The attention-getting visual and aural style of the film is one of its strengths. Cinematographer Paul Yee films this strange story in a manner appropriate to the form of the narrative. The community center is filmed like an endlessly vast world, the white walls dazzling and disorienting, girls shrieking with joy up the ramps, the boys locked off in their own hermetically-sealed boxing-gym, the girls' empty locker room and bathroom stalls mysterious spaces where voices echo or the sound drops out. A little girl bounces a basketball against the gym wall, dwarfed by the space around her. Toni stands in the middle of the emptied-out swimming pool, staring at the emptiness of her once-familiar world. Toni and a friend try on their sparkly Lioness costumes and cavort through the community center after-hours, giggling and twirling through the darkness like glittering fairies. Any girl who hasn't had "the fits" yet wonders when her time will come, or why her time hasn't come yet. Girls who have been initiated into "the fits" compare notes: "What was yours like? Mine was like this." The score, by Danny Bensi and Saunder Jurriaans, adds to the sense of creepy dislocation, time standing still, or at least slowed down.
Toni's point of view is crucial in this, but her point of view is not named or spoken. She watches. She practices her dance moves (her awkwardness and commitment is touching). She pierces her own ears. She gets razzed by the boys for this, but it's good-natured razzing. A friend paints her nails gold. The symbols of traditional femininity. But she's still a little kid, and her ears get infected and she frantically chips off the nail polish. Maybe she's not ready to be an adolescent yet. (She changes in the bathroom stall to hide her body, but peeks out at the older girls, who smear on lip liner and murmur about boyfriends.)

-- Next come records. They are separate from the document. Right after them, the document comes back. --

(* For $c\in\mathbb{R}$ and $c_1\in\mathbb{R}\setminus\{0,-1\}$ consider the Type $\mathcal{A}$ models $\mathcal{M}_1^1=\mathcal{M}(-1,0,1,0,0,2)$, $\mathcal{M}_2^1(c_1)=\mathcal{M}(-1,0,c_1,0,0,1+2c_1)$, $\mathcal{M}_3^1(c_1)=\mathcal{M}(0,0,c_1,0,0,1+2c_1)$, $\mathcal{M}_4^1(c)=\mathcal{M}(0,0,1,0,c,2)$, $\mathcal{M}_5^1(c)=\mathcal{M}(1,0,0,0,1+c^2,2c)$. Their isotropy groups are: (1) $\mathcal{I}(\mathcal{M}_1^1)=\{\mathrm{id}\}$. (2) $\mathcal{I}(\mathcal{M}_2^1(c_1))=\{\mathrm{id}\}$ if $c_1\neq-\frac12$. (3) $\mathcal{I}(\mathcal{M}_2^1(-\frac12))=\{\mathrm{id},T\}$ where $T(x^1,x^2)=(x^1+x^2,-x^2)$. (4) $\mathcal{I}(\mathcal{M}_3^1(c_1))=\{T: T(x^1,x^2)=(v^{-1}x^1,x^2),\ v\in\mathbb{R}\setminus\{0\}\}$. (5) $\mathcal{I}(\mathcal{M}_4^1(c))=\{T:T(x^1,x^2)=(x^1-wx^2,x^2),\ w\in\mathbb{R}\}$ if $c\neq0$. (6) $\mathcal{I}(\mathcal{M}_4^1(0))=\{T:T(x^1,x^2)=(v^{-1}(x^1-wx^2),x^2),\ w\in\mathbb{R},\ v\in\mathbb{R}\setminus\{0\}\}$. (7) $\mathcal{I}(\mathcal{M}_5^1(c))=\{\mathrm{id}\}$ if $c\neq0$. (8) $\mathcal{I}(\mathcal{M}_5^1(0))=\{\mathrm{id},T\}$ where $T(x^1,x^2)=(x^1,-x^2)$.
   Context: For $(a,b,c,d,e,f)\in\mathbb{R}^6$, the Type $\mathcal{A}$ model $\mathcal{M}(a,b,c,d,e,f)$ is $(\mathbb{R}^2,\nabla)$ with torsion free connection with constant Christoffel symbols ($\nabla_{\partial_{x^i}}\partial_{x^j}=\Gamma_{ij}{}^k\partial_{x^k}$) $\Gamma_{11}{}^1=a$, $\Gamma_{11}{}^2=b$, $\Gamma_{12}{}^1=\Gamma_{21}{}^1=c$, $\Gamma_{12}{}^2=\Gamma_{21}{}^2=d$, $\Gamma_{22}{}^1=e$, $\Gamma_{22}{}^2=f$. The group $\operatorname{GL}(2,\mathbb{R})$ acts on Type $\mathcal{A}$ models by linear changes of coordinates $T$ (pulling back the connection, which again has constant Christoffel symbols). The isotropy group of a model $\mathcal{M}$ is $\mathcal{I}(\mathcal{M})=\{T\in\operatorname{GL}(2,\mathbb{R}): T^*\mathcal{M}=\mathcal{M}\}$. *)

theory Defs
  imports "HOL-Analysis.Analysis"
begin

text \<open>Christoffel symbols of a Type A model: Gamma i j k = Gamma_{ij}^k, indices in type 2
  (index 1 = x^1, index 2 = x^2).\<close>
type_synonym christoffel = "2 \<Rightarrow> 2 \<Rightarrow> 2 \<Rightarrow> real"

definition typeA :: "real \<Rightarrow> real \<Rightarrow> real \<Rightarrow> real \<Rightarrow> real \<Rightarrow> real \<Rightarrow> christoffel" where
  "typeA a b c d e f = (\<lambda>i j k.
     if i = 1 \<and> j = 1 then (if k = 1 then a else b)
     else if i = 2 \<and> j = 2 then (if k = 1 then e else f)
     else (if k = 1 then c else d))"

text \<open>2x2 matrix with rows (p,q), (r,s); acts on column vectors: T(x) = T *v x.\<close>
definition mat2 :: "real \<Rightarrow> real \<Rightarrow> real \<Rightarrow> real \<Rightarrow> real^2^2" where
  "mat2 p q r s = (\<chi> i j. if i = 1 then (if j = 1 then p else q) else (if j = 1 then r else s))"

text \<open>Pullback of a connection with constant Christoffel symbols under the linear
  change of coordinates y = T x:  Gamma'_{ij}^k = sum (T^{-1})^k_c Gamma_{ab}^c T^a_i T^b_j.\<close>
definition pullback :: "real^2^2 \<Rightarrow> christoffel \<Rightarrow> christoffel" where
  "pullback T G = (\<lambda>i j k. \<Sum>a\<in>UNIV. \<Sum>b\<in>UNIV. \<Sum>c\<in>UNIV.
      (matrix_inv T) $ k $ c * G a b c * T $ a $ i * T $ b $ j)"

definition isotropy :: "christoffel \<Rightarrow> (real^2^2) set" where
  "isotropy G = {T. invertible T \<and> pullback T G = G}"

end

theory Submission
  imports Defs
begin

text \<open>T is an affine symmetry of a Type A model exactly when the bilinear map \<Gamma> is
  T-equivariant, \<Gamma>(T x, T y) = T \<Gamma>(x, y); for T with rows (p, q), (r, s) this is a system of six
  quadratic equations in p, q, r, s. For each model these equations first force r = 0; then
  det T = p s \<noteq> 0 allows cancelling p or s in the remaining equations, which determine s, p
  and q.\<close>

lemma invertible_matrix_inv:
  fixes T :: "'a::semiring_1^'n^'m"
  assumes "invertible T"
  shows "T ** matrix_inv T = mat 1" and "matrix_inv T ** T = mat 1"
proof -
  have "T ** matrix_inv T = mat 1 \<and> matrix_inv T ** T = mat 1"
    using assms unfolding invertible_def matrix_inv_def by (rule someI_ex)
  then show "T ** matrix_inv T = mat 1" and "matrix_inv T ** T = mat 1" by auto
qed

lemma pullback_eq_self_iff:
  assumes "invertible T"
  shows "pullback T G = G \<longleftrightarrow>
    (\<forall>i j m. (\<Sum>a\<in>UNIV. \<Sum>b\<in>UNIV. G a b m * T $ a $ i * T $ b $ j) = (\<Sum>k\<in>UNIV. T $ m $ k * G i j k))"
proof -
  define \<Gamma>T where "\<Gamma>T i j = (\<chi> c. \<Sum>a\<in>UNIV. \<Sum>b\<in>UNIV. G a b c * T $ a $ i * T $ b $ j)" for i j
  define \<Gamma> where "\<Gamma> i j = (\<chi> k. G i j k)" for i j
  have pullback_eq: "pullback T G i j k = (matrix_inv T *v \<Gamma>T i j) $ k" for i j k
    unfolding pullback_def \<Gamma>T_def by (simp add: matrix_vector_mult_def sum_2 algebra_simps)
  have "pullback T G = G \<longleftrightarrow> (\<forall>i j. matrix_inv T *v \<Gamma>T i j = \<Gamma> i j)"
    by (simp add: fun_eq_iff vec_eq_iff pullback_eq \<Gamma>_def)
  also have "\<dots> \<longleftrightarrow> (\<forall>i j. \<Gamma>T i j = T *v \<Gamma> i j)"
    by (metis invertible_matrix_inv[OF assms] matrix_vector_mul_assoc matrix_vector_mul_lid)
  finally show ?thesis
    by (simp add: vec_eq_iff matrix_vector_mult_def \<Gamma>T_def \<Gamma>_def)
qed

lemma mat2_nth [simp]:
  "mat2 p q r s $ 1 $ 1 = p" "mat2 p q r s $ 1 $ 2 = q"
  "mat2 p q r s $ 2 $ 1 = r" "mat2 p q r s $ 2 $ 2 = s"
  unfolding mat2_def by simp_all

lemma mat2_eq_iff [simp]:
  "mat2 p q r s = mat2 p' q' r' s' \<longleftrightarrow> p = p' \<and> q = q' \<and> r = r' \<and> s = s'"
  unfolding mat2_def by (auto simp: vec_eq_iff forall_2)

lemma mat2_cases: obtains p q r s where "(T::real^2^2) = mat2 p q r s"
proof
  show "T = mat2 (T$1$1) (T$1$2) (T$2$1) (T$2$2)"
    unfolding mat2_def by (simp add: vec_eq_iff forall_2)
qed

lemma mat2_set_eqI:
  assumes "\<And>p q r s. mat2 p q r s \<in> A \<longleftrightarrow> mat2 p q r s \<in> B"
  shows "A = B"
  by (metis assms mat2_cases set_eqI)

lemma mat_1_eq_mat2: "(mat 1 :: real^2^2) = mat2 1 0 0 1"
  unfolding mat2_def by (simp add: vec_eq_iff forall_2 mat_def)

lemma typeA_nth [simp]:
  "typeA a b c d e f 1 1 1 = a" "typeA a b c d e f 1 1 2 = b"
  "typeA a b c d e f 1 2 1 = c" "typeA a b c d e f 1 2 2 = d"
  "typeA a b c d e f 2 1 1 = c" "typeA a b c d e f 2 1 2 = d"
  "typeA a b c d e f 2 2 1 = e" "typeA a b c d e f 2 2 2 = f"
  unfolding typeA_def by simp_all

lemma mat2_in_isotropy_typeA_iff:
  "mat2 p q r s \<in> isotropy (typeA a b c d e f) \<longleftrightarrow>
     p * s - q * r \<noteq> 0 \<and>
     a * p\<^sup>2 + 2 * c * p * r + e * r\<^sup>2 = a * p + b * q \<and>
     b * p\<^sup>2 + 2 * d * p * r + f * r\<^sup>2 = a * r + b * s \<and>
     a * p * q + c * (p * s + r * q) + e * r * s = c * p + d * q \<and>
     b * p * q + d * (p * s + r * q) + f * r * s = c * r + d * s \<and>
     a * q\<^sup>2 + 2 * c * q * s + e * s\<^sup>2 = e * p + f * q \<and>
     b * q\<^sup>2 + 2 * d * q * s + f * s\<^sup>2 = e * r + f * s"
proof (cases "p * s - q * r = 0")
  case True
  then show ?thesis
    by (simp add: isotropy_def invertible_det_nz det_2)
next
  case False
  then have "invertible (mat2 p q r s)"
    by (simp add: invertible_det_nz det_2)
  with False show ?thesis
    unfolding isotropy_def
    by (simp add: pullback_eq_self_iff forall_2 sum_2 power2_eq_square) (auto simp: algebra_simps)
qed

lemma isotropy_M11: "isotropy (typeA (-1) 0 1 0 0 2) = {mat 1}"
proof (rule mat2_set_eqI, rule iffI)
  fix p q r s
  assume "mat2 p q r s \<in> isotropy (typeA (-1) 0 1 0 0 2)"
  then have det: "p * s - q * r \<noteq> 0" and e1: "- p\<^sup>2 + 2 * p * r = - p"
    and e2: "2 * r\<^sup>2 = - r" and e3: "- p * q + (p * s + r * q) = p"
    and e4: "2 * r * s = r" and e5: "2 * s\<^sup>2 = 2 * s"
    unfolding mat2_in_isotropy_typeA_iff by auto
  have r: "r = 0"
  proof (rule ccontr)
    assume "r \<noteq> 0"
    with e4 have "s = 1/2" by simp
    with e5 show False by (simp add: power2_eq_square)
  qed
  have s: "s = 1" using e5 det r by (simp add: power2_eq_square)
  have p: "p = 1" using e1 det r by (simp add: power2_eq_square)
  show "mat2 p q r s \<in> {mat 1}" using e3 p r s by (simp add: mat_1_eq_mat2)
qed (simp add: mat_1_eq_mat2 mat2_in_isotropy_typeA_iff)

lemma isotropy_M21:
  assumes "c1 \<noteq> 0" "c1 \<noteq> -1" "c1 \<noteq> -1/2"
  shows "isotropy (typeA (-1) 0 c1 0 0 (1 + 2*c1)) = {mat 1}"
proof (rule mat2_set_eqI, rule iffI)
  fix p q r s
  assume "mat2 p q r s \<in> isotropy (typeA (-1) 0 c1 0 0 (1 + 2*c1))"
  then have det: "p * s - q * r \<noteq> 0" and e1: "- p\<^sup>2 + 2 * c1 * p * r = - p"
    and e2: "(1 + 2 * c1) * r\<^sup>2 = - r" and e3: "- p * q + c1 * (p * s + r * q) = c1 * p"
    and e4: "(1 + 2 * c1) * r * s = c1 * r" and e5: "(1 + 2 * c1) * s\<^sup>2 = (1 + 2 * c1) * s"
    unfolding mat2_in_isotropy_typeA_iff by auto
  have s01: "s = 0 \<or> s = 1" using e5 assms by (simp add: power2_eq_square)
  have r: "r = 0"
  proof (rule ccontr)
    assume "r \<noteq> 0"
    with e4 have "(1 + 2 * c1) * s = c1" by simp
    with s01 assms show False by auto
  qed
  have s: "s = 1" using s01 det r by auto
  have p: "p = 1" using e1 det r by (simp add: power2_eq_square)
  show "mat2 p q r s \<in> {mat 1}" using e3 p r s assms by (simp add: mat_1_eq_mat2)
qed (simp add: mat_1_eq_mat2 mat2_in_isotropy_typeA_iff algebra_simps)

lemma isotropy_M21_half:
  "isotropy (typeA (-1) 0 (-1/2) 0 0 (1 + 2*(-1/2))) = {mat 1, mat2 1 1 0 (-1)}"
proof (rule mat2_set_eqI, rule iffI)
  fix p q r s
  assume "mat2 p q r s \<in> isotropy (typeA (-1) 0 (-1/2) 0 0 (1 + 2*(-1/2)))"
  then have det: "p * s - q * r \<noteq> 0" and e1: "- p\<^sup>2 - p * r = - p" and r: "r = 0"
    and e3: "- p * q - (p * s + r * q) / 2 = - p / 2" and e5: "- q\<^sup>2 - q * s = 0"
    unfolding mat2_in_isotropy_typeA_iff by (auto simp: algebra_simps)
  have p: "p = 1" using e1 det r by (simp add: power2_eq_square)
  have s: "s = 1 - 2 * q" using e3 p r by simp
  have "q * (q + s) = 0" using e5 by (simp add: power2_eq_square algebra_simps)
  then have "q = 0 \<or> q + s = 0" by simp
  then show "mat2 p q r s \<in> {mat 1, mat2 1 1 0 (-1)}"
    using p r s by (auto simp: mat_1_eq_mat2)
qed (auto simp: mat_1_eq_mat2 mat2_in_isotropy_typeA_iff)

lemma isotropy_M31:
  assumes "c1 \<noteq> 0" "c1 \<noteq> -1"
  shows "isotropy (typeA 0 0 c1 0 0 (1 + 2*c1)) = {mat2 (inverse v) 0 0 1 | v. v \<noteq> 0}"
proof (rule mat2_set_eqI, rule iffI)
  fix p q r s
  assume "mat2 p q r s \<in> isotropy (typeA 0 0 c1 0 0 (1 + 2*c1))"
  then have det: "p * s - q * r \<noteq> 0" and e1: "2 * c1 * p * r = 0"
    and e3: "c1 * (p * s + r * q) = c1 * p" and e5: "2 * c1 * q * s = (1 + 2 * c1) * q"
    unfolding mat2_in_isotropy_typeA_iff by auto
  have r: "r = 0"
  proof (rule ccontr)
    assume "r \<noteq> 0"
    with e1 assms have "p = 0" by simp
    with det e3 assms show False by simp
  qed
  have s: "s = 1" using e3 det r assms by simp
  have q: "q = 0" using e5 s by (simp add: algebra_simps)
  show "mat2 p q r s \<in> {mat2 (inverse v) 0 0 1 | v. v \<noteq> 0}"
    using det q r s by (intro CollectI exI[of _ "inverse p"]) simp
qed (auto simp: mat2_in_isotropy_typeA_iff)

lemma isotropy_M41:
  assumes "c \<noteq> 0"
  shows "isotropy (typeA 0 0 1 0 c 2) = {mat2 1 (-w) 0 1 | w. True}"
proof (rule mat2_set_eqI, rule iffI)
  fix p q r s
  assume "mat2 p q r s \<in> isotropy (typeA 0 0 1 0 c 2)"
  then have det: "p * s - q * r \<noteq> 0" and e2: "2 * r\<^sup>2 = 0"
    and e3: "p * s + r * q = p" and e5: "2 * q * s + c * s\<^sup>2 = c * p + 2 * q"
    unfolding mat2_in_isotropy_typeA_iff by auto
  have r: "r = 0" using e2 by simp
  have s: "s = 1" using e3 det r by simp
  have p: "p = 1" using e5 s assms by simp
  show "mat2 p q r s \<in> {mat2 1 (-w) 0 1 | w. True}"
    using p r s by (intro CollectI exI[of _ "- q"]) simp
qed (auto simp: mat2_in_isotropy_typeA_iff)

lemma isotropy_M41_zero:
  "isotropy (typeA 0 0 1 0 0 2) = {mat2 (inverse v) (- inverse v * w) 0 1 | v w. v \<noteq> 0}"
proof (rule mat2_set_eqI, rule iffI)
  fix p q r s
  assume "mat2 p q r s \<in> isotropy (typeA 0 0 1 0 0 2)"
  then have det: "p * s - q * r \<noteq> 0" and e2: "2 * r\<^sup>2 = 0" and e3: "p * s + r * q = p"
    unfolding mat2_in_isotropy_typeA_iff by auto
  have r: "r = 0" using e2 by simp
  have s: "s = 1" using e3 det r by simp
  show "mat2 p q r s \<in> {mat2 (inverse v) (- inverse v * w) 0 1 | v w. v \<noteq> 0}"
    using det r s by (intro CollectI exI[of _ "inverse p"] exI[of _ "- q / p"]) simp
qed (auto simp: mat2_in_isotropy_typeA_iff)

lemma isotropy_M51:
  assumes "c \<noteq> 0"
  shows "isotropy (typeA 1 0 0 0 (1 + c^2) (2*c)) = {mat 1}"
proof (rule mat2_set_eqI, rule iffI)
  fix p q r s
  assume "mat2 p q r s \<in> isotropy (typeA 1 0 0 0 (1 + c^2) (2*c))"
  then have det: "p * s - q * r \<noteq> 0" and e1: "p\<^sup>2 + (1 + c\<^sup>2) * r\<^sup>2 = p"
    and e3: "p * q + (1 + c\<^sup>2) * r * s = 0" and e4: "2 * c * r * s = 0"
    and e6: "2 * c * s\<^sup>2 = (1 + c\<^sup>2) * r + 2 * c * s"
    unfolding mat2_in_isotropy_typeA_iff by auto
  have r: "r = 0"
  proof (rule ccontr)
    assume "r \<noteq> 0"
    with e4 assms have "s = 0" by simp
    moreover have "1 + c\<^sup>2 > 0" by (simp add: add_pos_nonneg)
    ultimately show False using e6 \<open>r \<noteq> 0\<close> by simp
  qed
  have p: "p = 1" using e1 det r by (simp add: power2_eq_square)
  have q: "q = 0" using e3 p r by simp
  have s: "s = 1" using e6 r det assms by (simp add: power2_eq_square)
  show "mat2 p q r s \<in> {mat 1}" using p q r s by (simp add: mat_1_eq_mat2)
qed (simp add: mat_1_eq_mat2 mat2_in_isotropy_typeA_iff algebra_simps)

lemma isotropy_M51_zero:
  "isotropy (typeA 1 0 0 0 (1 + 0^2) (2*0)) = {mat 1, mat2 1 0 0 (-1)}"
proof (rule mat2_set_eqI, rule iffI)
  fix p q r s
  assume "mat2 p q r s \<in> isotropy (typeA 1 0 0 0 (1 + 0^2) (2*0))"
  then have det: "p * s - q * r \<noteq> 0" and e1: "p\<^sup>2 + r\<^sup>2 = p" and r: "r = 0"
    and e3: "p * q + r * s = 0" and e5: "q\<^sup>2 + s\<^sup>2 = p"
    unfolding mat2_in_isotropy_typeA_iff by auto
  have p: "p = 1" using e1 det r by (simp add: power2_eq_square)
  have q: "q = 0" using e3 p r by simp
  have "s = 1 \<or> s = -1" using e5 p q power2_eq_1_iff by auto
  then show "mat2 p q r s \<in> {mat 1, mat2 1 0 0 (-1)}"
    using p q r by (auto simp: mat_1_eq_mat2)
qed (auto simp: mat_1_eq_mat2 mat2_in_isotropy_typeA_iff)

theorem lemma4p2:
  fixes c c1 :: real
  assumes "c1 \<noteq> 0" and "c1 \<noteq> -1"
  shows "isotropy (typeA (-1) 0 1 0 0 2) = {mat 1}
   \<and> (c1 \<noteq> -1/2 \<longrightarrow> isotropy (typeA (-1) 0 c1 0 0 (1 + 2*c1)) = {mat 1})
   \<and> isotropy (typeA (-1) 0 (-1/2) 0 0 (1 + 2*(-1/2))) = {mat 1, mat2 1 1 0 (-1)}
   \<and> isotropy (typeA 0 0 c1 0 0 (1 + 2*c1)) = {mat2 (inverse v) 0 0 1 | v. v \<noteq> 0}
   \<and> (c \<noteq> 0 \<longrightarrow> isotropy (typeA 0 0 1 0 c 2) = {mat2 1 (-w) 0 1 | w. True})
   \<and> isotropy (typeA 0 0 1 0 0 2) = {mat2 (inverse v) (- inverse v * w) 0 1 | v w. v \<noteq> 0}
   \<and> (c \<noteq> 0 \<longrightarrow> isotropy (typeA 1 0 0 0 (1 + c^2) (2*c)) = {mat 1})
   \<and> isotropy (typeA 1 0 0 0 (1 + 0^2) (2*0)) = {mat 1, mat2 1 0 0 (-1)}"
  using assms
  by (intro conjI impI; simp only: isotropy_M11 isotropy_M21 isotropy_M21_half isotropy_M31 isotropy_M41
      isotropy_M41_zero isotropy_M51 isotropy_M51_zero)

end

What mysterious and powerful creatures are adolescent girls. It's a foreign landscape to Toni, intimidating and yet compelling. Maybe Toni, with her unblinking gaze, understands that "fits" are part of being a girl, and she's now ready to take that leap. It's not clear. Nor should it be. "The Fits" is extremely insightful about that perilous time in a girl's life when she is still a child but, because of her body's natural processes, won't be for much longer. Things like menstruation and breast development happen whether a young girl is ready for growing up or not. It can be traumatic because inside she is still a little kid. Toni is comfortable in the boys' world, and Royalty Hightower is totally believable as a young and competent athlete. She moves through the girls' world like a ghost, or maybe it's the Lionesses who are the ghosts. Whether she's ready or not, Toni is about to be a part of it.
It's refreshing to see a film so committed to its own rules and style (all on a micro budget); a film that doesn't compromise itself or its intentions. The mystery remains intact and the questions reverberate off the empty gym walls. Toni watches. What she sees and what she feels is up to the viewer to decide. "The Fits" inspires conversation. We need more films like it.